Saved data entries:
___
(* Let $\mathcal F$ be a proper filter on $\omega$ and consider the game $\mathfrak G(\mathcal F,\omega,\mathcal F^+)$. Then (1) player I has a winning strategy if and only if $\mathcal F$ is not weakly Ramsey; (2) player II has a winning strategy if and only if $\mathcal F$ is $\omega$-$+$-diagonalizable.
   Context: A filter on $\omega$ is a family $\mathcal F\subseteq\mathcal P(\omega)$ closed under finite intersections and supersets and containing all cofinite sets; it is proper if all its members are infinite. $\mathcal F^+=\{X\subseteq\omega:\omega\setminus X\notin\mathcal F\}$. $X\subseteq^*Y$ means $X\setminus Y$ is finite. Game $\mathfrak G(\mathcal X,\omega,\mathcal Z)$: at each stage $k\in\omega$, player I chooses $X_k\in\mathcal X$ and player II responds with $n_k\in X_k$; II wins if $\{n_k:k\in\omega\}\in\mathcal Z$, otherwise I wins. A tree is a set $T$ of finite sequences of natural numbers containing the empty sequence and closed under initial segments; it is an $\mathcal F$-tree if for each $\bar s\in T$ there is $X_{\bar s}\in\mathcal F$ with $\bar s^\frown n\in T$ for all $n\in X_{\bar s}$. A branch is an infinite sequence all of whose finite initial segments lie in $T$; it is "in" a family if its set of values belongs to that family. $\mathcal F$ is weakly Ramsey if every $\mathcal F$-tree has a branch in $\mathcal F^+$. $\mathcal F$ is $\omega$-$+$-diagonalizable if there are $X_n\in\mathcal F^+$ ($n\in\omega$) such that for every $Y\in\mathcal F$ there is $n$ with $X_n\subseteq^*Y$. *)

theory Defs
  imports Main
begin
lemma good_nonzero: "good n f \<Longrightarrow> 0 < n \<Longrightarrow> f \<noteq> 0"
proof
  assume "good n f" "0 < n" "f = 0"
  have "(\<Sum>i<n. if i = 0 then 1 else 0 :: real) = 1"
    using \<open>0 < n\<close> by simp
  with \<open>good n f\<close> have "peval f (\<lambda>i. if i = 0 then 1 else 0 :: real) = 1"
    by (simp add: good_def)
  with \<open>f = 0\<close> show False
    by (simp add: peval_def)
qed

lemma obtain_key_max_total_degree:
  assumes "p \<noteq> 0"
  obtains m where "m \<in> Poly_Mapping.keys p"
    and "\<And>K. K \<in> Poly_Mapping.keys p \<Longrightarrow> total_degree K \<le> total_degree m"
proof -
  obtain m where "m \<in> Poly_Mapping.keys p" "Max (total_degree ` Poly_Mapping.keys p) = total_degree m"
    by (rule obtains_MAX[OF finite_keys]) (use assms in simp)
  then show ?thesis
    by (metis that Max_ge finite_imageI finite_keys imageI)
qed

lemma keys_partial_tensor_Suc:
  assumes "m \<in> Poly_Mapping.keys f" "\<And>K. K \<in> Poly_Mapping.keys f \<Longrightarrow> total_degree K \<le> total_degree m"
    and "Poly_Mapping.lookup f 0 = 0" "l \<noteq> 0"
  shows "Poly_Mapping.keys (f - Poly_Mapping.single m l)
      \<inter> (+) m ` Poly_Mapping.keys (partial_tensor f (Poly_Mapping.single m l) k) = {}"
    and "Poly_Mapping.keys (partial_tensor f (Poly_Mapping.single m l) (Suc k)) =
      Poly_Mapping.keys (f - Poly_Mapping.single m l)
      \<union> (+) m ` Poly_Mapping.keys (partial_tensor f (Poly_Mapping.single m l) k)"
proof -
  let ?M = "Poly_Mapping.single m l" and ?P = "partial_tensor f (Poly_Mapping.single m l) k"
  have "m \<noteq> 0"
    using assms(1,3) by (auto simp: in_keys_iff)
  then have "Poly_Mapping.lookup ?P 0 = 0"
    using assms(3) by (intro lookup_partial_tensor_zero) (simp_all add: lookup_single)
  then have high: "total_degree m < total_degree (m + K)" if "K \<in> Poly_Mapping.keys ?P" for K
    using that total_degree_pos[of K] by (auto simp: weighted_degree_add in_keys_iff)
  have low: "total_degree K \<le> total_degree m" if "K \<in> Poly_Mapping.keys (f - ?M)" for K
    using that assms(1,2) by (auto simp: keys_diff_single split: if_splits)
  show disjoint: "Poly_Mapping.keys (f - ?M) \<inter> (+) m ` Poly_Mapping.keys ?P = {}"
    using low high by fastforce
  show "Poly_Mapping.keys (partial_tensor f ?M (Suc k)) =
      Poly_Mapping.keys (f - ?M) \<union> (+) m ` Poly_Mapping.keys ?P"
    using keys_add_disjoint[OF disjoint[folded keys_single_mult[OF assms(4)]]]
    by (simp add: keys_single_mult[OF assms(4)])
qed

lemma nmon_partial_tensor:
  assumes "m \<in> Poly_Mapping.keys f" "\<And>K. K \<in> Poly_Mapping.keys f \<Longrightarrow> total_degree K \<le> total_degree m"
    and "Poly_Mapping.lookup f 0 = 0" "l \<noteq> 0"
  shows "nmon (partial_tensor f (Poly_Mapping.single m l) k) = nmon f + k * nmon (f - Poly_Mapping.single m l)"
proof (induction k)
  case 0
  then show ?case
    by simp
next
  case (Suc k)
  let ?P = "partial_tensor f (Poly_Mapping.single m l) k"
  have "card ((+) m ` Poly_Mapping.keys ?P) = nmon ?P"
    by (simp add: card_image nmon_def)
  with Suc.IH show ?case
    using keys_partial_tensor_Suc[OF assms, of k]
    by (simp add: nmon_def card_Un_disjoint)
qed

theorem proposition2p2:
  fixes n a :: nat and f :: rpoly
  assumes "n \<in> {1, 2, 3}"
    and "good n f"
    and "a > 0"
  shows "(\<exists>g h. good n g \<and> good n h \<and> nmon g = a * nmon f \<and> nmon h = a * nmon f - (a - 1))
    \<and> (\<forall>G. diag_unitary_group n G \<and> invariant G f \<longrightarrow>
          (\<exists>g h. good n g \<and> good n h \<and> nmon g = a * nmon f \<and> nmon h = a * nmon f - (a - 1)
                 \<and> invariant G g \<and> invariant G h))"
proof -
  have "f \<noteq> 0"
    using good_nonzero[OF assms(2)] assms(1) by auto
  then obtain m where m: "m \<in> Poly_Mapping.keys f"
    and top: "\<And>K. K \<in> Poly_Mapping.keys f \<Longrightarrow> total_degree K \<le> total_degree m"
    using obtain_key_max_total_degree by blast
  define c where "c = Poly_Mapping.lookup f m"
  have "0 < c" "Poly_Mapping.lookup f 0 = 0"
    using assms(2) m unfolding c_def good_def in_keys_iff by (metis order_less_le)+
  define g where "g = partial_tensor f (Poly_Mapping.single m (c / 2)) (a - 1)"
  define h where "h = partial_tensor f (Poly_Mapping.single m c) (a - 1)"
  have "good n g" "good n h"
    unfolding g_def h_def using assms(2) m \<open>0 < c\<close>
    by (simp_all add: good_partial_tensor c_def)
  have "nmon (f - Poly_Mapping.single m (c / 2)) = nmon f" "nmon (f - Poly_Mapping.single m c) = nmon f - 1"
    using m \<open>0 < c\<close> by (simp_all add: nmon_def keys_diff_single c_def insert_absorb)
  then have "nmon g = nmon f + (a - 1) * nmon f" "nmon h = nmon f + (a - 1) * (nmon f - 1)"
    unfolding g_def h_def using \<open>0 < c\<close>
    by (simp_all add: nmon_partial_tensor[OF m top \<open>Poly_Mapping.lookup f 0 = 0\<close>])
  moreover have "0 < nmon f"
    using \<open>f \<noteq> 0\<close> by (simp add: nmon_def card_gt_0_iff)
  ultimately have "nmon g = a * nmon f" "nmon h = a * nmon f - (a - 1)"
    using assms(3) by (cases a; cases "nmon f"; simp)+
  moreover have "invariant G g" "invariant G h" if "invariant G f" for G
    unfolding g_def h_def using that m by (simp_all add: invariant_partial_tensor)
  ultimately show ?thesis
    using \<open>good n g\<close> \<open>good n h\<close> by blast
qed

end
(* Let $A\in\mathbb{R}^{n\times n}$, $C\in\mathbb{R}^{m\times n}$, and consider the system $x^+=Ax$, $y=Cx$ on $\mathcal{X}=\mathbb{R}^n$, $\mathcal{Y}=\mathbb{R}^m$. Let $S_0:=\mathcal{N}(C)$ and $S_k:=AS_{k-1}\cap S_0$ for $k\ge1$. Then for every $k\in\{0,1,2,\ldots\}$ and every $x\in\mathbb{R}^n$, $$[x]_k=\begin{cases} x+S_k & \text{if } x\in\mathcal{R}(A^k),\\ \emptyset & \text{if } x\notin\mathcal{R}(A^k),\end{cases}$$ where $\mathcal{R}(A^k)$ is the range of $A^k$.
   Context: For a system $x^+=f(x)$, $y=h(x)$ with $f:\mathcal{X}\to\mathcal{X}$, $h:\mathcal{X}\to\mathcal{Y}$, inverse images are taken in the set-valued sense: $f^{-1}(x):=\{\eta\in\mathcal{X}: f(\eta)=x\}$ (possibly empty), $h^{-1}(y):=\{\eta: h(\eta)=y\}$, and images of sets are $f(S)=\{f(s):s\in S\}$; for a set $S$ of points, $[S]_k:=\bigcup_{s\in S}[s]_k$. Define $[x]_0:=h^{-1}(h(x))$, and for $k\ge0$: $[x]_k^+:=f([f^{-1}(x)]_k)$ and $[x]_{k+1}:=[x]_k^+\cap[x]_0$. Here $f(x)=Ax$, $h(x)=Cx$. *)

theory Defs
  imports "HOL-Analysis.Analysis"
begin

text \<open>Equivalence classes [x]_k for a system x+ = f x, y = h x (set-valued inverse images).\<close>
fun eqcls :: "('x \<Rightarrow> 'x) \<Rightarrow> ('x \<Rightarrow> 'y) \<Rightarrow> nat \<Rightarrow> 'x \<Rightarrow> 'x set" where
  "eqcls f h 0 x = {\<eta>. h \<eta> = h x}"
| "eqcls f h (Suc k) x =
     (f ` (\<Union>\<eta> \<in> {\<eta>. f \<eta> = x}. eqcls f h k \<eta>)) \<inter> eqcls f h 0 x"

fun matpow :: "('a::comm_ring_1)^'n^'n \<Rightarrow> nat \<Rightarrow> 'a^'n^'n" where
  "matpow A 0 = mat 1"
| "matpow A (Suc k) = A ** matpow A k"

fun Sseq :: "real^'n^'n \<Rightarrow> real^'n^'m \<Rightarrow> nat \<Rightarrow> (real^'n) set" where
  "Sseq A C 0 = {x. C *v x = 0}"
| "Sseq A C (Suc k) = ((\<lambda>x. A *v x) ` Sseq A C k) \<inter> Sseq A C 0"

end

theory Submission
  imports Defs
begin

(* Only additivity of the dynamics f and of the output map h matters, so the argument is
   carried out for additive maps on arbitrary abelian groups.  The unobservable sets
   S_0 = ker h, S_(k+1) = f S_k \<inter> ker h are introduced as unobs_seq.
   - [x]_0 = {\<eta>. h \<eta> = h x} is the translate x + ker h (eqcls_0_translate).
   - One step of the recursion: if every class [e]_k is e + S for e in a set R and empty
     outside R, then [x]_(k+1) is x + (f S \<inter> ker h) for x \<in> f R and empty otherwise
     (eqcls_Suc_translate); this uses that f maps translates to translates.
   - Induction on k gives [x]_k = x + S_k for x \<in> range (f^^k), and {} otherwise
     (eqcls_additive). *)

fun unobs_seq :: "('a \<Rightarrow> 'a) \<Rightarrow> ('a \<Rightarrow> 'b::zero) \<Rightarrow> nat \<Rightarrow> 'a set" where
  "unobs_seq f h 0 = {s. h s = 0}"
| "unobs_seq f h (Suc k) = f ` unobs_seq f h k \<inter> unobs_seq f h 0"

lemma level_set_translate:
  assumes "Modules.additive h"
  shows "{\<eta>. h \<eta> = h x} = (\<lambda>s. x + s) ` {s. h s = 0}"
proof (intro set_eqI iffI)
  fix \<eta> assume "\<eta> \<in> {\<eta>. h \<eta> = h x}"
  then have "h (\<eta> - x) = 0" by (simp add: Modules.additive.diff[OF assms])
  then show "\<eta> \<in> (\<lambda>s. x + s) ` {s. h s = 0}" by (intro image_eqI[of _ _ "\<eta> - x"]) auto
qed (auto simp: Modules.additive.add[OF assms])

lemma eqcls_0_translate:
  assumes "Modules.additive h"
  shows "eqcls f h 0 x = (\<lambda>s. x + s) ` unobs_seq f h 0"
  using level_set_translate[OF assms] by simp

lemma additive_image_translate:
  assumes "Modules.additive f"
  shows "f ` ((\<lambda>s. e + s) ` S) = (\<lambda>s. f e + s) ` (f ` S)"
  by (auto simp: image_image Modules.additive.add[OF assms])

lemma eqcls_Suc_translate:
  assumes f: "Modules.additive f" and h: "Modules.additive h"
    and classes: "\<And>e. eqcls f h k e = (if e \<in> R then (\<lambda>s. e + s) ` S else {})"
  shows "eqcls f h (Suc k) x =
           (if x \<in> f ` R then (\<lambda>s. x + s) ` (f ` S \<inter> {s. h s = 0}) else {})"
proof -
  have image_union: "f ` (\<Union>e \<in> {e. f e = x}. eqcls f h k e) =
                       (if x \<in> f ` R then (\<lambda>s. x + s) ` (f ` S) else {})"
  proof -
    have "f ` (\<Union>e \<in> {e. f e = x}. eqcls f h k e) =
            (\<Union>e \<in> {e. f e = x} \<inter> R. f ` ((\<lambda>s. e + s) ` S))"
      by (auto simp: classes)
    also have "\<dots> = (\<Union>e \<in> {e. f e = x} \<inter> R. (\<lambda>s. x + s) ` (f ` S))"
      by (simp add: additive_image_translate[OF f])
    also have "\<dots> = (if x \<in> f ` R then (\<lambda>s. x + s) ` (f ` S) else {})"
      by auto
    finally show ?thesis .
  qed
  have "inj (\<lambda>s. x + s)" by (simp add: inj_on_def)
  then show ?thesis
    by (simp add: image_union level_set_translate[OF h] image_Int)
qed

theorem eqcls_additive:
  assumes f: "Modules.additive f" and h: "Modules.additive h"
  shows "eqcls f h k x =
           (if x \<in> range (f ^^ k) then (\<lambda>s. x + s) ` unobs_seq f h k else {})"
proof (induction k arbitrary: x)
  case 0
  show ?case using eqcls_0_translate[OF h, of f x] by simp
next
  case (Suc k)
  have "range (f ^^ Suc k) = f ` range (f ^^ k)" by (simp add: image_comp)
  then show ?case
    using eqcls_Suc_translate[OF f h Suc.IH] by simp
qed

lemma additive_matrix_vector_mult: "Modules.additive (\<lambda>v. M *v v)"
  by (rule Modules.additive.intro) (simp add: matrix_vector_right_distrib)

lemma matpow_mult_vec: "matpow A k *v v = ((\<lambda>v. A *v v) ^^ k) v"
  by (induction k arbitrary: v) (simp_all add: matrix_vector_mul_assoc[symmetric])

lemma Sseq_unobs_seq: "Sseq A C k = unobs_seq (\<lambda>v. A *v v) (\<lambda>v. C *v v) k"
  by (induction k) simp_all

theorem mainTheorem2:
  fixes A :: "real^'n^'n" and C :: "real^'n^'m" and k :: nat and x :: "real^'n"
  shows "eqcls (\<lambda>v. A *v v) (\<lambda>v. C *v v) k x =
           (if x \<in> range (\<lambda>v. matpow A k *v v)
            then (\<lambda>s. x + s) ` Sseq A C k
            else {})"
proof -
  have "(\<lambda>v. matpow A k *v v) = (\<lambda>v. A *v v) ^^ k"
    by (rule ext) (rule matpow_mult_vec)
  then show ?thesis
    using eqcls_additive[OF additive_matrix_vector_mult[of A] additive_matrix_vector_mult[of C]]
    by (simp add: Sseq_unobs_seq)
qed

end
___
To do: Wherever the string "moreover" appears in the records above, copy the line it sits in.

Response below:
  moreover have "0 < nmon f"
  moreover have "invariant G g" "invariant G h" if "invariant G f" for G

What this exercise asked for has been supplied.